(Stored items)
=====

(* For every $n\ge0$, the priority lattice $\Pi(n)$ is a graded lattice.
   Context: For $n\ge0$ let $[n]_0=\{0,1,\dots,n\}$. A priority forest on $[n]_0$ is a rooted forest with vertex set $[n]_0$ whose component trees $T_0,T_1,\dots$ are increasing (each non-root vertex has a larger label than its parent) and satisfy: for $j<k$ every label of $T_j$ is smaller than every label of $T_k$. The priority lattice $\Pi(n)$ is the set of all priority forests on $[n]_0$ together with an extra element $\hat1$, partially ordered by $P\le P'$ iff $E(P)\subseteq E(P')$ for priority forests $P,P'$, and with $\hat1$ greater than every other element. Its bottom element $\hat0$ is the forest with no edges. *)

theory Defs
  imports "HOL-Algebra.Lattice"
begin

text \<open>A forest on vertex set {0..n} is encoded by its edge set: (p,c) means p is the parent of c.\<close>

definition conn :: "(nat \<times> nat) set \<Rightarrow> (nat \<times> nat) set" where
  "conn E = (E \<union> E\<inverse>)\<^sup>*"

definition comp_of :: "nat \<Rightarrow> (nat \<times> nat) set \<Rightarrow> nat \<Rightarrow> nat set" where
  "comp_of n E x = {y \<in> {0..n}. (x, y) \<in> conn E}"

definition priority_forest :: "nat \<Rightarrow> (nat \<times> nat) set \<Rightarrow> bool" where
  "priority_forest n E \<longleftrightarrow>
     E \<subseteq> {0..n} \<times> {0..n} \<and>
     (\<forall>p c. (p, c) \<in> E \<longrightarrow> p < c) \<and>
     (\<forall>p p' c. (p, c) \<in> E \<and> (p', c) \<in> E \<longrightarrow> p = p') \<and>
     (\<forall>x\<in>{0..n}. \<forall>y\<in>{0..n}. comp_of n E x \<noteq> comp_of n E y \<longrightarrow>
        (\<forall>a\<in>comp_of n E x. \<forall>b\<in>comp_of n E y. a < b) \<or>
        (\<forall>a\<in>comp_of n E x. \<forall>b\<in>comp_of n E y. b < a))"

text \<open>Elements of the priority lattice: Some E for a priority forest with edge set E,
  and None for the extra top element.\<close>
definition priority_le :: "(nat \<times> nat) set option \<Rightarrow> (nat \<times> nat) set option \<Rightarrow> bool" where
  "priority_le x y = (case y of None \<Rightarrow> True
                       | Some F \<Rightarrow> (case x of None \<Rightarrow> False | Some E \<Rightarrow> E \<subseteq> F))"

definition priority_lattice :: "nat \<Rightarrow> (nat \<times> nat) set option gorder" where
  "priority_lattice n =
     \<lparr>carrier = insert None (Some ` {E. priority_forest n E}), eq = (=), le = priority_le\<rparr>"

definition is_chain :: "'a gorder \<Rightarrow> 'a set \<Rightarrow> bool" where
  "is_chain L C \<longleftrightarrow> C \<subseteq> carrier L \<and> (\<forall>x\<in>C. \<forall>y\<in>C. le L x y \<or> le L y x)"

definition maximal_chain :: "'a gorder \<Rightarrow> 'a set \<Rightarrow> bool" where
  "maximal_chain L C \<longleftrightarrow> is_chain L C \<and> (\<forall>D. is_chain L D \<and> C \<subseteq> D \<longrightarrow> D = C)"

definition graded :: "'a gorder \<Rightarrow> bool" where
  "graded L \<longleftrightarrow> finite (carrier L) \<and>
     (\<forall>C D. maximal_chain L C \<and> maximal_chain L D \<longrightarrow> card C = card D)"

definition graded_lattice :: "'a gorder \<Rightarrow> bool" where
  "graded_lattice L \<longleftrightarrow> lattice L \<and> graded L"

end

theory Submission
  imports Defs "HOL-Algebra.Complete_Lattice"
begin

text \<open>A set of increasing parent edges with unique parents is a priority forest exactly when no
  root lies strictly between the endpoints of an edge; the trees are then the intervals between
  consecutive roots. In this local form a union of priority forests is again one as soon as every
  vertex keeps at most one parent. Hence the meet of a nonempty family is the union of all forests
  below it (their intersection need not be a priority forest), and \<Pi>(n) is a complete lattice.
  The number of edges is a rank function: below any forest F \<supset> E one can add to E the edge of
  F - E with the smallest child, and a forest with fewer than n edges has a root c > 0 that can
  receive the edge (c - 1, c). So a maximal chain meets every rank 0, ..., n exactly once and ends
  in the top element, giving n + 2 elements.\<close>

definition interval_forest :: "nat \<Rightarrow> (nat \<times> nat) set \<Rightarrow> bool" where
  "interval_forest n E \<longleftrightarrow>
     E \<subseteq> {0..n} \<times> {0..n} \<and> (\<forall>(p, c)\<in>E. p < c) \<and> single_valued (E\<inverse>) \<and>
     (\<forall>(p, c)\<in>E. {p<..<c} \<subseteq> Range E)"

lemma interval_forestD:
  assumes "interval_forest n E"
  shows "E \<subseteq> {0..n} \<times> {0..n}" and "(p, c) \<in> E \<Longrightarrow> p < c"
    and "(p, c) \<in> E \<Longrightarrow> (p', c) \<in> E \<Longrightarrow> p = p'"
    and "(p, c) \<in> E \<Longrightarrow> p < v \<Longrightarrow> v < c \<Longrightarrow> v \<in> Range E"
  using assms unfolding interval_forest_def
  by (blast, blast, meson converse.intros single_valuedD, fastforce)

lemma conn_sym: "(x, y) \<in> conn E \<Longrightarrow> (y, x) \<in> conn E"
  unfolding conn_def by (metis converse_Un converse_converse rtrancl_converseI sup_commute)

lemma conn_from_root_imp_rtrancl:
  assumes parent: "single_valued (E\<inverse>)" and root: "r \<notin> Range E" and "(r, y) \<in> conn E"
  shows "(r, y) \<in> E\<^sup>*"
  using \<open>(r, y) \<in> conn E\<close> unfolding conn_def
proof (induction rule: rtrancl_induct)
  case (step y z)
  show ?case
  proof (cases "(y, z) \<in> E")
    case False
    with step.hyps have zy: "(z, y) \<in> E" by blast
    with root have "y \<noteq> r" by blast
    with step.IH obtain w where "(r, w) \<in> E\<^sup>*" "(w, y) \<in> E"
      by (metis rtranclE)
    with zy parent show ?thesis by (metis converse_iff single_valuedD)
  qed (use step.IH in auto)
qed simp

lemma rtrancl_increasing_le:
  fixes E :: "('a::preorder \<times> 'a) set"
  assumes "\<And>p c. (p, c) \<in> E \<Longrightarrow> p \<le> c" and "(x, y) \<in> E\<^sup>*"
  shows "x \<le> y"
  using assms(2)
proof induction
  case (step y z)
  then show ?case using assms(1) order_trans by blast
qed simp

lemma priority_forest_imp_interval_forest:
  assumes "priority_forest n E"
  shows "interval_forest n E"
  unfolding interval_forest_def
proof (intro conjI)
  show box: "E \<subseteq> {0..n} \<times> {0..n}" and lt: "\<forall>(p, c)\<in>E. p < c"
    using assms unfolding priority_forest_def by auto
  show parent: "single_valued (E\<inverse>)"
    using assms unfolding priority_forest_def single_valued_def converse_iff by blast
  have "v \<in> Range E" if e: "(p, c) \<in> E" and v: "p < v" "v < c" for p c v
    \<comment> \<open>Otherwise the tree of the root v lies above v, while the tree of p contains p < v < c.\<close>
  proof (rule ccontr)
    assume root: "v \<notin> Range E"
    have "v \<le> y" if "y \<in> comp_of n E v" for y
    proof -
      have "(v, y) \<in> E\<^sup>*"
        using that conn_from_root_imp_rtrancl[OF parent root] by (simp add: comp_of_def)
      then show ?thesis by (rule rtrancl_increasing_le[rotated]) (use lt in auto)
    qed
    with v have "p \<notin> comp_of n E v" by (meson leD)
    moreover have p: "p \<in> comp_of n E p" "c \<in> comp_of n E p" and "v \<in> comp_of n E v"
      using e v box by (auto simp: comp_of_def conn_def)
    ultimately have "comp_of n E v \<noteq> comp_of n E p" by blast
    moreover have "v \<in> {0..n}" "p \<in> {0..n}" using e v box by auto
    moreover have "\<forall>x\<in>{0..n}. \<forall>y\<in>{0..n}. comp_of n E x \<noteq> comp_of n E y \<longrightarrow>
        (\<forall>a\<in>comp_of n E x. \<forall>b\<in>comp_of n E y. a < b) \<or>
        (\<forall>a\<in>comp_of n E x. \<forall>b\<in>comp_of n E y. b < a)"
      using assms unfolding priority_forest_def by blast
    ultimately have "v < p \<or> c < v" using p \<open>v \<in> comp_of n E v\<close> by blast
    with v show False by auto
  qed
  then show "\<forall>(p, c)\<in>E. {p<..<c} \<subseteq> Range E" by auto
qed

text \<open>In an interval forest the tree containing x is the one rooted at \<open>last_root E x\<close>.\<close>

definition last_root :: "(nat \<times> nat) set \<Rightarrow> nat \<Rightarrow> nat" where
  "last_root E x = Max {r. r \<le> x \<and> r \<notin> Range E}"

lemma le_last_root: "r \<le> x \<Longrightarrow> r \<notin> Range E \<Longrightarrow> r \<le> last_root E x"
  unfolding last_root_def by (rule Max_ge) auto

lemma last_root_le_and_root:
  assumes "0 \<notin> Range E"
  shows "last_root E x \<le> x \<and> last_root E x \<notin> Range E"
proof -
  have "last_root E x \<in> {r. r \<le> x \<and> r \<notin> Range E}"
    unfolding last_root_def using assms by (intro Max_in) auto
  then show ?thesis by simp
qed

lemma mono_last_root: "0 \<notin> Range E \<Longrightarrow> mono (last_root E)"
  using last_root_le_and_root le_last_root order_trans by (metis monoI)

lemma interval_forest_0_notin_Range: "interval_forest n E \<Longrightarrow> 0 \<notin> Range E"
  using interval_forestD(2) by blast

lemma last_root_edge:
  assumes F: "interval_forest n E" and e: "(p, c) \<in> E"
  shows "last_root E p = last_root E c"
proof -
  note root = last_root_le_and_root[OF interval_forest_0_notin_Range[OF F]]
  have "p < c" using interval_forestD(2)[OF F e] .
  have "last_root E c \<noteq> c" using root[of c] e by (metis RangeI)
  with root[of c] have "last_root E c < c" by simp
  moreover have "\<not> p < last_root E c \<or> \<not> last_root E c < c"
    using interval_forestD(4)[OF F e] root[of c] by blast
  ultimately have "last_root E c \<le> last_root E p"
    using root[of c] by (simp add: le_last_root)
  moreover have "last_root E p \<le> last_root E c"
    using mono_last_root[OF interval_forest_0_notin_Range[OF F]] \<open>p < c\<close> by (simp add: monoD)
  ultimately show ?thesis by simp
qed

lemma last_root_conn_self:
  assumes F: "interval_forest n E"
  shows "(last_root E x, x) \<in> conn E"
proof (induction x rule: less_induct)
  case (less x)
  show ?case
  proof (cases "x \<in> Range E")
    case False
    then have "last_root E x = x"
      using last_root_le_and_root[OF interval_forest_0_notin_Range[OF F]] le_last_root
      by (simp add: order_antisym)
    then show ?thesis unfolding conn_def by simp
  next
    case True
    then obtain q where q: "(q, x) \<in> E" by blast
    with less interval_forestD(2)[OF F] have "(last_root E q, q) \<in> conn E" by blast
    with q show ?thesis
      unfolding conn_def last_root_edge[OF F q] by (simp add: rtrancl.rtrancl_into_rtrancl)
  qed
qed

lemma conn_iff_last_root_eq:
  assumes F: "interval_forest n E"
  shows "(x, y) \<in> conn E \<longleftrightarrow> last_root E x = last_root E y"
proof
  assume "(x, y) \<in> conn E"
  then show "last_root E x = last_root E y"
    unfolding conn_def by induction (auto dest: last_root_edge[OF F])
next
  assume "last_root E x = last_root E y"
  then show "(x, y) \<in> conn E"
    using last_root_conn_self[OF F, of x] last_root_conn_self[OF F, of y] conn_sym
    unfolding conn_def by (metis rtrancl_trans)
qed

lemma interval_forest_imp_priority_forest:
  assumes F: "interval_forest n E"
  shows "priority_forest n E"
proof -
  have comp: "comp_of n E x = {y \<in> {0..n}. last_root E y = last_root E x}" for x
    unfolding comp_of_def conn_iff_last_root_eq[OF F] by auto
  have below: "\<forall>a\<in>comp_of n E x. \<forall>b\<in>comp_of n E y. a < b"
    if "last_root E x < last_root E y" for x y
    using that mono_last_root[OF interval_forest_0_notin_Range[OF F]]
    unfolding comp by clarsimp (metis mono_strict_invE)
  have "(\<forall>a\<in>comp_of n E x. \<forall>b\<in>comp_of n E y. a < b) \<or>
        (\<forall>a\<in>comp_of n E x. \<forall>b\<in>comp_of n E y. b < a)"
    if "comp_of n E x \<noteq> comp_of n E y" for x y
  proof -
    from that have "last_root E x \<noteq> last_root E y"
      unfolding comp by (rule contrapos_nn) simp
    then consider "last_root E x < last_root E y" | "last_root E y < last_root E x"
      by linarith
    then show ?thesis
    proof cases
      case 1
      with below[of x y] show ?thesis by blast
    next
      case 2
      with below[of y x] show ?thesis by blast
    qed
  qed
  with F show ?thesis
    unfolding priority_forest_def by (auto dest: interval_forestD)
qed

=====

### [WHAT THE TASK ASKS]
Nothing but a number should be given: the count of lines in the entries that contain the word "definition".

### [WORKED SOLUTION]
11